The authors recommended that health systems adopt policies to
ensure that patients with certain conditions “including AMI, stroke
and trauma “still have guaranteed access to hospitals that can deliver needed interventions, even if those hospitals are technically on diversion.

Working long hours?
 Watch your stroke risk

NEW RESEARCH INDICATES that people who routinely work more than 40 hours a week face an increased risk of stroke.

The study, which appeared in The Lancet, looked at more than one-half million people in Europe, Australia and the U.S. Researchers found that working between 41 and 48 hours increased stroke risk by 10%. Working 49 hours to 54 hours produced a 27% higher risk, while working 55 hours or more a week led to a 33% higher risk.

The authors controlled for factors like smoking, alcohol consumption and physical activity. In a separate meta-analysis, researchers found that people who worked 55 hours or more a week had a 13% greater risk of a new diagnosis of heart disease, or a hospitalization or death due to heart disease.

The findings suggest, authors wrote, “that more attention should be paid to the management of vascular risk factors in individuals who work long hours.”

How much 
does your care cost?

UNIVERSITY OF UTAH HEALTH CARE may be one of only a handful of hospitals in the country with any real handle on its actual costs, including the costs of supplies, medications, devices and clinicians’ time.

Under the direction of CEO Vivian Lee, MD, PhD, MBA, the medical center has developed software that now contains 200 million rows of cost items, according to the New York Times.

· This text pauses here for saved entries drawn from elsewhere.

lemma is_tree_path: "is_tree path_V path_E"
proof -
  let ?R = "\<lambda>x y. {x, y} \<in> path_E"
  have to_hub: "?R\<^sup>*\<^sup>* u 3" and from_hub: "?R\<^sup>*\<^sup>* 3 u" if "u \<in> path_V" for u
    using that by (auto intro: r_into_rtranclp simp: insert_commute)
  have "graph_connected path_V path_E"
    unfolding graph_connected_def using rtranclp_trans[OF to_hub from_hub] by blast
  moreover have "\<not> graph_connected path_V (path_E - {e})" if "e \<in> path_E" for e
  proof
    assume connected: "graph_connected path_V (path_E - {e})"
    define a :: nat where "a = (if e = {2, 3} then 2 else 4)"
    have isolated: "{a, y} \<notin> path_E - {e}" for y
      using that unfolding a_def by (auto simp: doubleton_eq_iff)
    have "a \<in> path_V"
      unfolding a_def by simp
    then have "(\<lambda>x y. {x, y} \<in> path_E - {e})\<^sup>*\<^sup>* a 3"
      using connected unfolding graph_connected_def by blast
    then have "3 = a"
      using isolated by (rule rtranclp_from_isolated_vertex)
    then show False
      unfolding a_def by (simp split: if_splits)
  qed
  ultimately show ?thesis
    unfolding is_tree_def simple_graph_def by auto
qed

definition path_complex :: "nat set set" where
  "path_complex = {{2}, {3}, {4}, {2, 3}, {3, 4}}"

lemma simplices_path: "simplices path_V path_E = path_complex"
  unfolding simplices_def path_complex_def by auto

lemma sum_path_complex: "sum F path_complex = F {2} + F {3} + F {4} + F {2, 3} + F {3, 4}"
  unfolding path_complex_def by (simp add: doubleton_eq_iff add.assoc)

lemma card_path_complex: "card path_complex = 5"
  using sum_path_complex[of "\<lambda>_. 1 :: nat"] by simp

lemma incidence_path:
  "incidence {2::nat} {2, 3} = (-1 :: 'k::field)" "incidence {3::nat} {2, 3} = (1 :: 'k)"
  "incidence {3::nat} {3, 4} = (-1 :: 'k)" "incidence {4::nat} {3, 4} = (1 :: 'k)"
proof -
  have removed_vertex_position:
    "{x \<in> {2::nat, 3}. x < the_elem ({2, 3} - {2})} = {2}"
    "{x \<in> {2::nat, 3}. x < the_elem ({2, 3} - {3})} = {}"
    "{x \<in> {3::nat, 4}. x < the_elem ({3, 4} - {3})} = {3}"
    "{x \<in> {3::nat, 4}. x < the_elem ({3, 4} - {4})} = {}"
    by (auto simp: insert_Diff_if)
  show "incidence {2::nat} {2, 3} = (-1 :: 'k::field)" "incidence {3::nat} {2, 3} = (1 :: 'k)"
    "incidence {3::nat} {3, 4} = (-1 :: 'k)" "incidence {4::nat} {3, 4} = (1 :: 'k)"
    unfolding incidence_def removed_vertex_position by simp_all
qed

definition bd23 :: "nat set \<Rightarrow> 'k::field" where
  "bd23 \<sigma> = (if \<sigma> = {2} then -1 else if \<sigma> = {3} then 1 else 0)"

definition bd34 :: "nat set \<Rightarrow> 'k::field" where
  "bd34 \<sigma> = (if \<sigma> = {3} then -1 else if \<sigma> = {4} then 1 else 0)"

lemma bd_path_complex:
  "bd path_complex (c :: nat set \<Rightarrow> 'k::field) = (\<lambda>\<sigma>. c {2, 3} * bd23 \<sigma> + c {3, 4} * bd34 \<sigma>)"
  unfolding bd_def sum_path_complex
  by (auto simp: fun_eq_iff incidence_path bd23_def bd34_def path_complex_def psubset_eq doubleton_eq_iff)

definition left_complex :: "nat set set" where
  "left_complex = {{2}, {3}, {4}, {2, 3}}"

lemma boundaries_left_complex:
  "boundaries TYPE('k::field) path_complex left_complex 0 = chain_space.span {bd23 :: nat set \<Rightarrow> 'k}"
proof -
  have "bd path_complex ` chains TYPE('k) left_complex 1 = range (\<lambda>k \<sigma>. k * (bd23 :: nat set \<Rightarrow> 'k) \<sigma>)"
  proof (intro set_eqI iffI)
    fix x assume "x \<in> bd path_complex ` chains TYPE('k) left_complex 1"
    then obtain c where "c \<in> chains TYPE('k) left_complex 1" and x: "x = bd path_complex c" by blast
    then have "c {3, 4} = 0"
      unfolding chains_def left_complex_def by (auto simp: doubleton_eq_iff)
    then show "x \<in> range (\<lambda>k \<sigma>. k * bd23 \<sigma>)"
      unfolding x bd_path_complex by auto
  next
    fix x assume "x \<in> range (\<lambda>k \<sigma>. k * (bd23 :: nat set \<Rightarrow> 'k) \<sigma>)"
    then obtain k where x: "x = (\<lambda>\<sigma>. k * bd23 \<sigma>)" by blast
    let ?c = "\<lambda>\<sigma>. if \<sigma> = {2, 3} then k else 0"
    have "?c \<in> chains TYPE('k) left_complex 1" and "bd path_complex ?c = x"
      unfolding chains_def left_complex_def x bd_path_complex by (auto simp: doubleton_eq_iff)
    then show "x \<in> bd path_complex ` chains TYPE('k) left_complex 1" by blast
  qed
  then show ?thesis
    unfolding boundaries_def chain_space.span_singleton by simp
qed
lemma dotp_vec_of:
  assumes n: "n > 0"
  shows "dotp (vec_of n u) (vec_of n v) = coeff ((u * subst_inv n v) mod xn1 n) (0::nat)"
proof -
  define u' where "u' = u mod xn1 n"
  define v' where "v' = (v::'a::field poly) mod xn1 n"
  have "u' = (\<Sum>i<n. monom (coeff u' i) i)"
    unfolding u'_def by (rule sum_monom_coeff_lessThan[symmetric, OF degree_mod_xn1_less[OF n]])
  also have "\<dots> = (\<Sum>i<n. smult (coeff u' i) (monom 1 i))"
    by (simp add: smult_monom)
  finally have u'_sum: "u' = (\<Sum>i<n. smult (coeff u' i) (monom 1 i))" .
  have "subst_inv n v' = subst_inv n (\<Sum>j<n. monom (coeff v' j) j)"
    unfolding v'_def by (subst sum_monom_coeff_lessThan[OF degree_mod_xn1_less[OF n]]) (rule refl)
  also have "\<dots> = (\<Sum>j<n. subst_inv n (monom (coeff v' j) j))"
    by (simp add: subst_inv_def pcompose_sum)
  finally have v'_sum: "subst_inv n v' = (\<Sum>j<n. smult (coeff v' j) (X_inv n ^ j))"
    by (simp add: subst_inv_monom)
  have "[u * subst_inv n v = u' * subst_inv n v'] (mod xn1 n)"
    by (intro cong_mult subst_inv_cong n) (simp_all add: u'_def v'_def cong_def)
  moreover have "u' * subst_inv n v' =
      (\<Sum>i<n. \<Sum>j<n. smult (coeff u' i * coeff v' j) (monom 1 i * X_inv n ^ j))"
    by (subst u'_sum, subst v'_sum) (simp add: sum_product mult_smult_left mult_smult_right ac_simps)
  ultimately have "(u * subst_inv n v) mod xn1 n =
      (\<Sum>i<n. \<Sum>j<n. smult (coeff u' i * coeff v' j) (monom 1 i * X_inv n ^ j)) mod xn1 n"
    unfolding cong_def by simp
  then have "coeff ((u * subst_inv n v) mod xn1 n) 0 =
      (\<Sum>i<n. \<Sum>j<n. coeff u' i * coeff v' j * coeff ((monom 1 i * X_inv n ^ j) mod xn1 n) 0)"
    by (simp add: sum_mod_poly mod_smult_left coeff_sum)
  also have "\<dots> = (\<Sum>i<n. \<Sum>j<n. coeff u' i * coeff v' j * (if i = j then 1 else 0))"
    by (intro sum.cong refl) (simp only: lessThan_iff coeff_0_monom_mult_X_inv_power[OF n])
  also have "\<dots> = dotp (vec_of n u) (vec_of n v)"
    by (simp add: vec_of_def dotp_map_upt u'_def v'_def if_distrib cong: if_cong)
  finally show ?thesis ..
qed
lemma cauchy_schwarz_orthogonal:
  assumes s: "eta s s = -1" and u: "eta u s = 0" and v: "eta v s = 0"
  shows "(eta u v)\<^sup>2 \<le> eta u u * eta v v"
proof (cases "v = 0")
  case True
  then show ?thesis by (simp add: eta_simps)
next
  case False
  then have v_pos: "0 < eta v v" by (rule eta_pos_orthogonal[OF s v])
  define t where "t = eta u v / eta v v"
  have "eta (u - t *\<^sub>R v) s = 0" using u v by (simp add: eta_simps)
  then have "0 \<le> eta (u - t *\<^sub>R v) (u - t *\<^sub>R v)" by (rule eta_nonneg_orthogonal[OF s])
  also have "\<dots> = eta u u - (eta u v)\<^sup>2 / eta v v"
    using v_pos unfolding t_def
    by (simp add: eta_simps eta_sym[of v u] power2_eq_square field_simps)
  finally show ?thesis using v_pos by (simp add: field_simps)
qed

text \<open>By reverse Cauchy--Schwarz \<open>eta s\<close> omits the interval \<open>(-1, 1)\<close> on \<open>S\<close>, so by
  connectedness it cannot take both the value \<open>eta s s = -1\<close> and a value \<open>\<ge> 1\<close>.\<close>
lemma connected_hyperboloid_eta_le:
  assumes conn: "connected S" and hyp: "S \<subseteq> {v. eta v v = -1}" and "s \<in> S" "x \<in> S"
  shows "eta s x \<le> -1"
proof (rule ccontr)
  assume "\<not> eta s x \<le> -1"
  have s: "eta s s = -1" using hyp \<open>s \<in> S\<close> by auto
  have sq: "1 \<le> (eta s v)\<^sup>2" if "v \<in> S" for v
    using reverse_cauchy_schwarz[OF s] hyp that by auto
  have "1 \<le> eta s x"
    using sq[OF \<open>x \<in> S\<close>] \<open>\<not> eta s x \<le> -1\<close> abs_le_square_iff[of 1 "eta s x"] by auto
  have "connected (eta s ` S)"
    by (intro connected_continuous_image conn
        bilinear_continuous_on_compose[OF continuous_on_const continuous_on_id eta_bilinear])
  moreover have "eta s s \<in> eta s ` S" "eta s x \<in> eta s ` S"
    using \<open>s \<in> S\<close> \<open>x \<in> S\<close> by auto
  ultimately have "0 \<in> eta s ` S"
    using connectedD_interval s \<open>1 \<le> eta s x\<close> by fastforce
  then show False using sq by fastforce
qed

end

definition lorentz_factor :: "('v::real_vector \<Rightarrow> 'v \<Rightarrow> real) \<Rightarrow> 'v \<Rightarrow> real" where
  "lorentz_factor eta \<beta> = 1 / sqrt (1 - eta \<beta> \<beta>)"

lemma lorentz_factor_sq:
  assumes "eta \<beta> \<beta> < 1"
  shows "(lorentz_factor eta \<beta>)\<^sup>2 * (1 - eta \<beta> \<beta>) = 1"
  using assms by (simp add: lorentz_factor_def power_divide)

context minkowski
begin

text \<open>Since \<open>(g - 1) / eta \<beta> \<beta> = g\<^sup>2 / (g + 1)\<close>, the boost is a rational function of its
  Lorentz factor \<open>g\<close>; in this form the case \<open>\<beta> = 0\<close> needs no separate treatment.\<close>
lemma boost_eq:
  assumes s: "eta s s = -1" and \<beta>: "eta \<beta> s = 0" and lt1: "eta \<beta> \<beta> < 1"
  defines "g \<equiv> lorentz_factor eta \<beta>"
  shows "boost eta s \<beta> w = w + ((1 - g) * eta s w) *\<^sub>R s + (g\<^sup>2 / (g + 1) * eta \<beta> w) *\<^sub>R \<beta>
           + g *\<^sub>R (eta \<beta> w *\<^sub>R s - eta s w *\<^sub>R \<beta>)"
proof (cases "\<beta> = 0")
  case True
  then show ?thesis by (simp add: boost_def g_def lorentz_factor_def eta_simps)
next
  case False
  define B where "B = eta \<beta> \<beta>"
  define b where "b = sqrt B"
  have B_pos: "0 < B" unfolding B_def by (rule eta_pos_orthogonal[OF s \<beta> False])
  then have b: "0 < b" "b\<^sup>2 = B" unfolding b_def by simp_all
  have g: "g\<^sup>2 * (1 - B) = 1" "0 < g"
    using lorentz_factor_sq[of eta \<beta>, OF lt1] lt1 unfolding g_def B_def
    by (simp_all add: lorentz_factor_def)
  have coeff: "(g - 1) / B = g\<^sup>2 / (g + 1)"
    using g B_pos by (simp add: field_simps power2_eq_square)
  have "boost eta s \<beta> w = w + (g - 1) *\<^sub>R (- (eta s w *\<^sub>R s)
        + eta ((1 / b) *\<^sub>R \<beta>) w *\<^sub>R ((1 / b) *\<^sub>R \<beta>))
        + (b * g) *\<^sub>R (eta ((1 / b) *\<^sub>R \<beta>) w *\<^sub>R s - eta s w *\<^sub>R ((1 / b) *\<^sub>R \<beta>))"
    using False b unfolding boost_def tens_def Let_def g_def lorentz_factor_def B_def b_def
    by simp
  also have "\<dots> = w + ((1 - g) * eta s w) *\<^sub>R s + ((g - 1) / B * eta \<beta> w) *\<^sub>R \<beta>
           + g *\<^sub>R (eta \<beta> w *\<^sub>R s - eta s w *\<^sub>R \<beta>)"
    using b
    by (simp add: eta_simps scaleR_diff_right scaleR_add_right algebra_simps power2_eq_square)
  finally show ?thesis unfolding coeff .
qed

end

lemma beta_vel_linear_isometry:
  fixes eta :: "'v::real_vector \<Rightarrow> 'v \<Rightarrow> real"
  assumes L: "linear L" and isometry: "\<And>x y. eta (L x) (L y) = eta x y"
  shows "beta_vel eta (L s) (L s1) (L s2) = L (beta_vel eta s s1 s2)"
  unfolding beta_vel_def Let_def isometry by (simp add: linear_diff[OF L] linear_cmul[OF L])

text \<open>Identities between linear combinations of two vectors are checked coefficientwise: both
  sides are rewritten as images of the linear map \<open>lincomb2 x y\<close> on \<open>real \<times> real\<close>.\<close>
definition lincomb2 :: "'a::real_vector \<Rightarrow> 'a \<Rightarrow> real \<times> real \<Rightarrow> 'a" where
  "lincomb2 x y c = fst c *\<^sub>R x + snd c *\<^sub>R y"

lemma lincomb2_fold:
  assumes "F = lincomb2 x y"
  shows "F c + F c' = F (c + c')" "F c - F c' = F (c - c')" "- F c = F (- c)"
    "r *\<^sub>R F c = F (r *\<^sub>R c)" "x = F (1, 0)" "y = F (0, 1)"
  using assms by (simp_all add: lincomb2_def algebra_simps)

locale state_triple = minkowski +
  fixes s s1 s2 :: "'v::euclidean_space"
  assumes unit_s: "eta s s = -1" and unit_s1: "eta s1 s1 = -1" and unit_s2: "eta s2 s2 = -1"
    and future_s1: "eta s s1 \<le> -1" and future_s2: "eta s s2 \<le> -1"
begin

definition gamma1 :: real where "gamma1 = - eta s s1"
definition gamma2 :: real where "gamma2 = - eta s s2"
definition gamma12 :: real where "gamma12 = - eta s1 s2"

definition boost_denominator :: real where
  "boost_denominator = 1 + 2 * gamma1 * gamma2 - gamma12"
definition beta_denominator :: real where
  "beta_denominator = gamma1\<^sup>2 + gamma2\<^sup>2 + gamma12 - 1"

definition s21_perp :: 'v where "s21_perp = s2 - s1 - (gamma2 - gamma1) *\<^sub>R s"

lemma eta_states:
  "eta s s1 = - gamma1" "eta s1 s = - gamma1" "eta s s2 = - gamma2" "eta s2 s = - gamma2"
  "eta s1 s2 = - gamma12" "eta s2 s1 = - gamma12"
  unfolding gamma1_def gamma2_def gamma12_def by (simp_all add: eta_sym[of _ s] eta_sym[of s2 s1])

lemma gamma_ge_1: "1 \<le> gamma1" "1 \<le> gamma2"
  using future_s1 future_s2 unfolding gamma1_def gamma2_def by simp_all

lemma eta_s21_perp_s: "eta s21_perp s = 0"
  unfolding s21_perp_def by (simp add: eta_simps eta_states unit_s)

lemma eta_s21_perp_sq: "eta s21_perp s21_perp = 2 * gamma12 - 2 + (gamma2 - gamma1)\<^sup>2"
  unfolding s21_perp_def
  by (simp add: eta_simps eta_states unit_s unit_s1 unit_s2 power2_eq_square algebra_simps)

lemma boost_denominator_pos: "0 < boost_denominator"
proof -
  define u1 where "u1 = s1 - gamma1 *\<^sub>R s"
  define u2 where "u2 = s2 - gamma2 *\<^sub>R s"
  have "eta u1 s = 0" "eta u2 s = 0"
    unfolding u1_def u2_def by (simp_all add: eta_simps eta_states unit_s)
  then have "(eta u1 u2)\<^sup>2 \<le> eta u1 u1 * eta u2 u2"
    by (rule cauchy_schwarz_orthogonal[OF unit_s])
  moreover have "eta u1 u2 = gamma1 * gamma2 - gamma12" "eta u1 u1 = gamma1\<^sup>2 - 1"
    "eta u2 u2 = gamma2\<^sup>2 - 1"
    unfolding u1_def u2_def
    by (simp_all add: eta_simps eta_states unit_s unit_s1 unit_s2 power2_eq_square algebra_simps)
  ultimately have "(gamma1 * gamma2 - gamma12)\<^sup>2 \<le> (gamma1\<^sup>2 - 1) * (gamma2\<^sup>2 - 1)"
    by simp
  also have "\<dots> < (gamma1 * gamma2 + 1)\<^sup>2"
  proof -
    have "(gamma1 * gamma2 + 1)\<^sup>2 - (gamma1\<^sup>2 - 1) * (gamma2\<^sup>2 - 1) = (gamma1 + gamma2)\<^sup>2"
      by (simp add: power2_eq_square algebra_simps)
    moreover have "0 < (gamma1 + gamma2)\<^sup>2" using gamma_ge_1 by simp
    ultimately show ?thesis by linarith
  qed
  finally have "\<bar>gamma1 * gamma2 - gamma12\<bar> < \<bar>gamma1 * gamma2 + 1\<bar>"
    by (metis abs_le_square_iff not_le)
  moreover have "0 \<le> gamma1 * gamma2" using gamma_ge_1 by simp
  ultimately show ?thesis unfolding boost_denominator_def by linarith
qed
(* In the finite element setting described in the context, let each element mass matrix $M_e$ be symmetric positive definite, fix an integer $0<r<m$ and a constant $\alpha>0$, and for each element define $$\overline{M}_e=M_e+\alpha\,V_eV_e^T,\qquad V_e=M_eU_{e,2},$$ where $U_{e,2}\in\mathbb{R}^{m\times r}$ has as columns $M_e$-orthonormal eigenvectors of $(K_e,M_e)$ associated with its $r$ largest eigenvalues $\lambda_{m-r+1}(K_e,M_e),\dots,\lambda_m(K_e,M_e)$. Let $M=\sum_eL_e^TM_eL_e$ and $\overline{M}=\sum_eL_e^T\overline{M}_eL_e$. Then for all $i=1,\dots,n$, $$1\le\frac{\omega_i}{\overline{\omega}_i}\le\sqrt{1+\alpha},$$ where $\omega_i=\sqrt{\lambda_i(K,M)}$ and $\overline{\omega}_i=\sqrt{\lambda_i(K,\overline{M})}$.
   Context: Finite element setting: there are $n$ global degrees of freedom and $N$ elements, each with $m$ local degrees of freedom. For each element $e$, $L_e\in\mathbb{R}^{m\times n}$ satisfies $L_e^T=[\mathbf{e}_{i_1},\dots,\mathbf{e}_{i_m}]$ for distinct indices $i_1,\dots,i_m$ (columns of $I_n$), and every global index appears for at least one element. Element matrices are assembled as $A=\sum_{e=1}^N L_e^TA_eL_e$. The global stiffness matrix is $K=\sum_e L_e^TK_eL_e$ with each $K_e$ symmetric positive semidefinite, and $K$ is assumed symmetric positive definite. Generalized eigenvalues $\lambda_1(A,B)\le\dots\le\lambda_k(A,B)$ of a pair ($A$ symmetric, $B$ symmetric positive definite) are numbered in ascending order; "$M_e$-orthonormal" means $U_{e,2}^TM_eU_{e,2}=I_r$. *)

theory Defs
  imports "Jordan_Normal_Form.Determinant" "HOL-Computational_Algebra.Polynomial"
    "HOL-Library.Multiset"
begin

definition sym_mat :: "real mat \<Rightarrow> bool" where
  "sym_mat A \<longleftrightarrow> transpose_mat A = A"

definition psd_mat :: "nat \<Rightarrow> real mat \<Rightarrow> bool" where
  "psd_mat k A \<longleftrightarrow> A \<in> carrier_mat k k \<and> sym_mat A \<and>
     (\<forall>x \<in> carrier_vec k. x \<bullet> (A *\<^sub>v x) \<ge> 0)"
(* Let $\mathsf a$ be a symmetric $L$-density and let $K>0$. Define $$\lfloor\mathsf a\rfloor_{\mathrm{sym}K}=\gamma\big(p\,\Delta_{-K}+(1-p)\,\Delta_{K}\big)+\mathsf a\,\mathbb 1_{\{|x|<K\}},$$ where $p=e^{-K}/(1+e^{-K})$, $\gamma=\mathbb P_{\mathsf a}\{|X|\ge K\}$, and $\mathsf a\,\mathbb 1_{\{|x|<K\}}$ is the restriction of $\mathsf a$ to $(-K,K)$. Then: (i) $\lfloor\mathsf a\rfloor_{\mathrm{sym}K}$ is a symmetric $L$-density; (ii) $\lfloor\mathsf a\rfloor_K\prec\lfloor\mathsf a\rfloor_{\mathrm{sym}K}$.
   Context: - An $L$-density is a probability distribution on $[-\infty,+\infty]$, thought of as the law of a log-likelihood ratio conditioned on transmitted bit $X=+1$. - An $L$-density $\mathsf a$ is symmetric if $\int f(-x)\,\mathsf a(dx)=\int e^{-x}f(x)\,\mathsf a(dx)$ for all bounded measurable $f$ (with $e^{-\infty}=0$). Equivalently, $e^{-x/2}\mathsf a(x)$ is even. - $\Delta_z$ denotes the point mass at $z$. - Saturation: $\lfloor x\rfloor_K=\min(K,|x|)\,\mathrm{sgn}(x)$, and $\lfloor\mathsf a\rfloor_K$ is the law of $\lfloor X\rfloor_K$ for $X\sim\mathsf a$. - Degradation: view an $L$-density $\mathsf a$ as a binary-input channel whose output has law $\mathsf a$ given input $+1$ and the mirror image of $\mathsf a$ given input $-1$. Then $\mathsf a\prec\mathsf b$ ($\mathsf b$ degraded with respect to $\mathsf a$) means there is a Markov kernel $W$ on $[-\infty,\infty]$ with $W(-y,-B)=W(y,B)$ for all $y$ and measurable $B$, such that $\mathsf b(B)=\int W(y,B)\,\mathsf a(dy)$. *)

theory Defs
  imports "HOL-Probability.Probability"
begin

definition L_density :: "ereal measure \<Rightarrow> bool" where
  "L_density a \<longleftrightarrow> prob_space a \<and> sets a = sets (borel :: ereal measure)"

fun exp_neg_ereal :: "ereal \<Rightarrow> ennreal" where
  "exp_neg_ereal (ereal r) = ennreal (exp (- r))"
| "exp_neg_ereal PInfty = 0"
| "exp_neg_ereal MInfty = \<infinity>"

text \<open>Symmetry: int f(-x) a(dx) = int e^{-x} f(x) a(dx) for bounded measurable f
  (stated for nonnegative f; the signed case follows by splitting f = f+ - f-).\<close>
definition symmetric_L :: "ereal measure \<Rightarrow> bool" where
  "symmetric_L a \<longleftrightarrow>
     (\<forall>f :: ereal \<Rightarrow> real. f \<in> borel_measurable borel \<longrightarrow> bounded (range f) \<longrightarrow> (\<forall>x. 0 \<le> f x) \<longrightarrow>
        (\<integral>\<^sup>+ x. ennreal (f (- x)) \<partial>a) = (\<integral>\<^sup>+ x. exp_neg_ereal x * ennreal (f x) \<partial>a))"

definition sat :: "real \<Rightarrow> ereal \<Rightarrow> ereal" where
  "sat K x = min (ereal K) \<bar>x\<bar> * sgn x"

definition sat_density :: "real \<Rightarrow> ereal measure \<Rightarrow> ereal measure" where
  "sat_density K a = distr a borel (sat K)"

definition symsat_density :: "real \<Rightarrow> ereal measure \<Rightarrow> ereal measure" where
  "symsat_density K a =
     (let p = exp (- K) / (1 + exp (- K));
          \<gamma> = measure a {x. ereal K \<le> \<bar>x\<bar>}
      in measure_of UNIV (sets borel)
           (\<lambda>B. ennreal (\<gamma> * p) * indicator B (- ereal K)
              + ennreal (\<gamma> * (1 - p)) * indicator B (ereal K)
              + emeasure a (B \<inter> {x. \<bar>x\<bar> < ereal K})))"

definition degraded :: "ereal measure \<Rightarrow> ereal measure \<Rightarrow> bool" where
  "degraded a b \<longleftrightarrow>
     (\<exists>W :: ereal \<Rightarrow> ereal measure.
        W \<in> measurable borel (prob_algebra borel) \<and>
        (\<forall>y. \<forall>B \<in> sets borel. emeasure (W (- y)) (uminus ` B) = emeasure (W y) B) \<and>
        (\<forall>B \<in> sets borel. emeasure b B = (\<integral>\<^sup>+ y. emeasure (W y) B \<partial>a)))"

end

theory Submission
  imports Defs
begin

text \<open>The symmetric saturation is a mixture: the tail mass \<open>\<gamma>\<close> times the L-density of a binary
  symmetric channel with LLR magnitude \<open>K\<close> (masses at \<open>-K\<close> and \<open>K\<close> in the ratio \<open>e\<^sup>-\<^sup>K : 1\<close>),
  plus the restriction of \<open>a\<close> to \<open>(-K, K)\<close>. Both parts are symmetric, the first by direct
  computation and the second because \<open>(-K, K)\<close> is invariant under negation.

  The ordinary saturation puts the masses \<open>\<alpha> = a[K, \<infinity>]\<close> and \<open>\<beta> = a[-\<infinity>, -K]\<close> at \<open>\<plusminus>K\<close>.
  Symmetry of \<open>a\<close> gives \<open>\<beta> \<le> e\<^sup>-\<^sup>K \<alpha>\<close>, so the target split \<open>\<gamma>(1-p) : \<gamma>p\<close> of
  \<open>\<gamma> = \<alpha> + \<beta>\<close> over \<open>K : -K\<close> lies between \<open>\<alpha> : \<beta>\<close> and \<open>\<beta> : \<alpha>\<close>. Hence the symmetric
  kernel that fixes every point other than \<open>\<plusminus>K\<close> and flips the sign of \<open>\<plusminus>K\<close> with a suitable
  probability \<open>1 - q\<close> degrades the saturated density into the symmetrically saturated one.\<close>

definition add_measure :: "'a measure \<Rightarrow> 'a measure \<Rightarrow> 'a measure" where
  "add_measure M N = measure_of (space M) (sets M) (\<lambda>A. emeasure M A + emeasure N A)"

In addition to costs, the computer program measures staff time, as well as outcomes such as length of stay and readmissions.

The program also tallies each physician’s outcomes and costs compared to his or her colleagues. The software indicates, for instance, that the cost per minute of care in the ED is 82 cents vs. $1.43 per minute in the surgical ICU and $12 per minute in the OR for an orthopedic procedure. The medical center has used its cost analyses to revise practices and reduce expenses.